Use Emergency Bypass to Circumvent Do Not Disturb for VIPs
Here’s a common problem: you’re settling down to watch a movie and don’t want your iPhone interrupting you with unnecessary updates that can wait. But you also want to receive potentially important calls and messages—perhaps from an elderly relative. Or maybe you’re out for the evening and don’t want to be distracted from your phone… unless it’s the babysitter. Here’s how to meet those contradictory goals.

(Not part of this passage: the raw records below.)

lemma upsilon_le_power_upsilon_1_plus_1:
  assumes "0 < \<theta>" "\<theta> \<le> 1" "n > 0"
  shows "upsilon \<theta> J n l \<le> 2 ^ l * (upsilon \<theta> J n 1 + 1) ^ l"
proof -
  define B where "B = (\<Sum>j\<in>{j\<in>J. j < n}. 1 / real j)"
  define K where "K = 2 * B + 2 / \<theta>"
  have "B \<ge> 0" unfolding B_def by (intro sum_nonneg) auto
  then have "K \<ge> 0" using assms unfolding K_def by simp
  have one: "tuple_weight_sum (\<theta> - 1) J 1 M \<le> K * real M powr (\<theta> - 1)" if "M \<le> n" for M
  proof (rule order.trans[OF tuple_weight_sum_1_le_harmonic[OF assms(1,2)]])
    have "(\<Sum>j\<in>{j\<in>J. j < M}. 1 / real j) \<le> B"
      unfolding B_def using that by (intro sum_mono2) auto
    then show "(2 * (\<Sum>j\<in>{j\<in>J. j < M}. 1 / real j) + 2 / \<theta>) * real M powr (\<theta> - 1)
        \<le> K * real M powr (\<theta> - 1)"
      unfolding K_def by (intro mult_right_mono) auto
  qed
  have "tuple_weight_sum (\<theta> - 1) J l n \<le> K ^ l * real n powr (\<theta> - 1)"
    using tuple_weight_sum_le_power[OF \<open>K \<ge> 0\<close> one order.refl] .
  then have "upsilon \<theta> J n l \<le> \<theta> ^ l * K ^ l"
    using assms by (simp add: upsilon_eq_tuple_weight_sum divide_le_eq mult_left_mono)
  also have "\<dots> = (2 * (\<theta> * B + 1)) ^ l"
    using assms by (simp add: K_def power_mult_distrib[symmetric] algebra_simps)
  also have "\<dots> \<le> (2 * (upsilon \<theta> J n 1 + 1)) ^ l"
  proof (intro power_mono)
    have "\<theta> * B \<le> upsilon \<theta> J n 1"
      unfolding upsilon_eq_tuple_weight_sum[OF \<open>n > 0\<close>, of \<theta> J 1] B_def power_one_right
      using assms by (intro mult_left_mono sum_inverse_le_tuple_weight_sum_1) auto
    then show "2 * (\<theta> * B + 1) \<le> 2 * (upsilon \<theta> J n 1 + 1)" by simp
  qed (use assms \<open>B \<ge> 0\<close> in simp)
  finally show ?thesis by (simp only: power_mult_distrib)
qed

theorem lemma4:
  fixes \<theta> :: real
  assumes "\<theta> > 0"
  shows "(\<theta> \<ge> 1 \<longrightarrow>
            (\<forall>J :: nat \<Rightarrow> nat set. (\<forall>n. J n \<subseteq> {1..n}) \<longrightarrow>
               (\<forall>n l. n \<ge> 1 \<longrightarrow> l \<ge> 1 \<longrightarrow>
                  upsilon \<theta> (J n) n l \<le> (upsilon \<theta> (J n) n 1) ^ l)))
       \<and> (\<theta> < 1 \<longrightarrow>
            (\<exists>C > 0. \<forall>J :: nat \<Rightarrow> nat set. (\<forall>n. J n \<subseteq> {1..n}) \<longrightarrow>
               (\<forall>n l. n \<ge> 1 \<longrightarrow> l \<ge> 1 \<longrightarrow>
                  upsilon \<theta> (J n) n l \<le> C ^ l * (upsilon \<theta> (J n) n 1 + 1) ^ l)))"
  using assms upsilon_le_power_upsilon_1 upsilon_le_power_upsilon_1_plus_1
  by (auto intro!: exI[of _ 2])

end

Enable Do Not Disturb to Block Notifications
We assume that all TidBITS readers are generally familiar with Do Not Disturb, but if not, let’s review the basics. It’s a feature that silences your iPhone temporarily so you aren’t interrupted by the constant cavalcade of notifications. The easiest way to access it for occasional use is through Control Center—it’s the button with the moon icon.
Tap the button to turn Do Not Disturb on and off. If you press and hold the button, you see options to turn Do Not Disturb off automatically, which we covered in depth in “Inside iOS 12: Do Not Disturb Learns to Turn Itself Off” (19 September 2018).
You can also enable Do Not Disturb from Settings > Do Not Disturb, but more important are the additional options there. Most necessary are the scheduling options, which let you automatically turn Do Not Disturb on and off at certain times. Everyone should set a schedule to avoid having sleep disrupted by random notifications.
There are other useful options here, like Do Not Disturb while Driving (see “iOS 11 to Bring Do Not Disturb While Driving,” 21 August 2017), but we mostly want to draw your attention to the Allow Calls From setting, which lets you allow calls from a certain group of contacts to punch through the Do Not Disturb wall. But what about text messages? That’s where Emergency Bypass comes in.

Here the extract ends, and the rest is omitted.